A solitary fossilized pollen grain, perhaps belonging to the Asteliaceae family, has been discovered in Oligocene to Pliocene sediments on West Point Island in the Falkland Islands. This fossil pollen datum, which is classified as either "Astelia-type" or "Monosulcites sp. A.", might suggest the presence of Astelia in South America during the Tertiary period.

==Habitat==
Different species of Asteliaceae favour different habitats. The range that Asteliaceae covers is extensive but typically an area with a constant supply of moisture will increase growth. Some prefer low habitats where cushion plants commonly grow, which encompasses areas like the subalpine, alpines, and bogs. One thing in common with all the species in this family is that they typically occupy tall and clustered habitats.

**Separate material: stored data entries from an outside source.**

(* Let $\mu$ be a classification problem, let $f^*$ be its Bayes regressor and $r^*_a:=f^*\sharp(\mu^X_a\times\{a\})$ for $a\in[m]$. Then the minimum of $\sum_{a\in[m]}\mathrm{Err}_a(h)$ over all randomized classifiers $h:\mathcal X\times\mathcal A\to\mathcal Y$ satisfying demographic parity exists and $$\min_{h:\ \text{DP holds}}\ \sum_{a\in[m]}\mathrm{Err}_a(h)=\frac12\min_{q\in\mathcal Q_k}\sum_{a\in[m]}W_1(r^*_a,q)=\frac12\min_{q\in\mathcal Q_k}\sum_{a\in[m]}\ \min_{\gamma_a\in\Gamma(r^*_a,q)}\int_{\Delta_k\times\mathcal Y}\|s-y\|_1\,d\gamma_a(s,y).$$
   Context: Setup. $\mathcal X$ is a standard Borel space, $k\ge 2$, $\mathcal Y=\{e_1,\dots,e_k\}\subset\mathbb R^k$ is the set of standard basis vectors (one-hot labels), and $\mathcal A=[m]=\{1,\dots,m\}$. A classification problem is a probability distribution $\mu$ of a triple $(X,Y,A)$ on $\mathcal X\times\mathcal Y\times\mathcal A$ with $\mathbb P(A=a)>0$ for every $a$; $\mu_a$ is $\mu$ conditioned on $A=a$ and $\mu^X_a$ is the law of $X$ under $\mu_a$. A randomized function $f:\mathcal U\to\mathcal V$ is given by a Markov kernel $K$ with $\mathbb P(f(u)\in B)=K(u,B)$; its internal randomness is independent of $(X,Y,A)$. The push-forward of a measure $p$ is $f\sharp p(B)=\int K(u,B)\,dp(u)$. A (randomized) classifier is a randomized function $h:\mathcal X\times\mathcal A\to\mathcal Y$, and $\mathrm{Err}_a(h):=\mathbb P(h(X,a)\neq Y\mid A=a)$, the probability being over $\mu$ and the randomness of $h$. $h$ satisfies demographic parity (DP) if $\mathbb P(h(X,a)=y\mid A=a)=\mathbb P(h(X,a')=y\mid A=a')$ for all $y\in\mathcal Y$, $a,a'\in\mathcal A$. $\Delta_k=\{x\in\mathbb R^k:x\ge0,\ \sum_i x_i=1\}$. The Bayes regressor is $f^*(x,a)=\mathbb E_\mu[Y\mid X=x,A=a]\in\Delta_k$ (the vector of conditional class probabilities), and $f^*\sharp(\mu^X_a\times\{a\})$ is the law of $f^*(X,a)$ for $X\sim\mu^X_a$. $\mathcal Q_k$ is the set of probability distributions supported on $\mathcal Y$. $\Gamma(p,q)$ is the set of couplings of $p$ and $q$, and $W_1(p,q)=\inf_{\gamma\in\Gamma(p,q)}\int\|s-s'\|_1\,d\gamma(s,s')$ is the Wasserstein-1 distance w.r.t. the $\ell_1$ metric on $\mathbb R^k$. *)

theory Defs
  imports "HOL-Probability.Probability"
begin

definition labels :: "(real^'k) set" where
  "labels = range (\<lambda>i::'k. axis i 1)"

definition l1dist :: "(real^'k) \<Rightarrow> (real^'k) \<Rightarrow> real" where
  "l1dist s t = (\<Sum>i\<in>UNIV. \<bar>s $ i - t $ i\<bar>)"

definition triple_space :: "nat \<Rightarrow> ('x::topological_space \<times> (real^'k) \<times> nat) measure" where
  "triple_space m = borel \<Otimes>\<^sub>M count_space labels \<Otimes>\<^sub>M count_space {1..m}"

definition classification_problem ::
  "nat \<Rightarrow> ('x::topological_space \<times> (real^'k) \<times> nat) measure \<Rightarrow> bool" where
  "classification_problem m \<mu> \<longleftrightarrow>
     sets \<mu> = sets (triple_space m) \<and> prob_space \<mu> \<and>
     (\<forall>a\<in>{1..m}. measure \<mu> {\<omega>\<in>space \<mu>. snd (snd \<omega>) = a} > 0)"

definition cond_measure ::
  "('x \<times> (real^'k) \<times> nat) measure \<Rightarrow> nat \<Rightarrow> ('x \<times> (real^'k) \<times> nat) measure" where
  "cond_measure \<mu> a = density \<mu>
     (\<lambda>\<omega>. ennreal (indicator {\<omega>. snd (snd \<omega>) = a} \<omega> / measure \<mu> {\<omega>\<in>space \<mu>. snd (snd \<omega>) = a}))"

definition X_law :: "('x::topological_space \<times> (real^'k) \<times> nat) measure \<Rightarrow> nat \<Rightarrow> 'x measure" where
  "X_law \<mu> a = distr (cond_measure \<mu> a) borel fst"

text \<open>A randomized classifier h : X x A -> Y, i.e. a Markov kernel into the finite set
  of labels, given by its point probabilities: h x a y = P(h(x,a) = y).\<close>
definition randomized_classifier :: "nat \<Rightarrow> ('x::topological_space \<Rightarrow> nat \<Rightarrow> (real^'k) \<Rightarrow> real) \<Rightarrow> bool" where
  "randomized_classifier m h \<longleftrightarrow>
     (\<forall>a\<in>{1..m}. \<forall>y\<in>labels. (\<lambda>x. h x a y) \<in> borel_measurable borel) \<and>
     (\<forall>x. \<forall>a\<in>{1..m}. \<forall>y\<in>labels. h x a y \<ge> 0) \<and>
     (\<forall>x. \<forall>a\<in>{1..m}. (\<Sum>y\<in>labels. h x a y) = 1)"

text \<open>Err_a(h) = P(h(X,a) \<noteq> Y | A = a), with the internal randomness of h independent of (X,Y,A).\<close>
definition Err :: "('x \<times> (real^'k) \<times> nat) measure \<Rightarrow> ('x \<Rightarrow> nat \<Rightarrow> (real^'k) \<Rightarrow> real) \<Rightarrow> nat \<Rightarrow> real" where
  "Err \<mu> h a = integral\<^sup>L (cond_measure \<mu> a) (\<lambda>(x, y, _). \<Sum>y'\<in>labels - {y}. h x a y')"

Unlike most plants, some species are epiphytic and this could be the main way the plant grows. Many species from the genus Astelia favour terrestrial and rock as a substrate to grow upon. If the epiphytic plant is detached from its source, it will find other ways to get moisture and nutrients. For example, if the plant fell on the ground, it would not be affected and would continue growing for a long duration of time.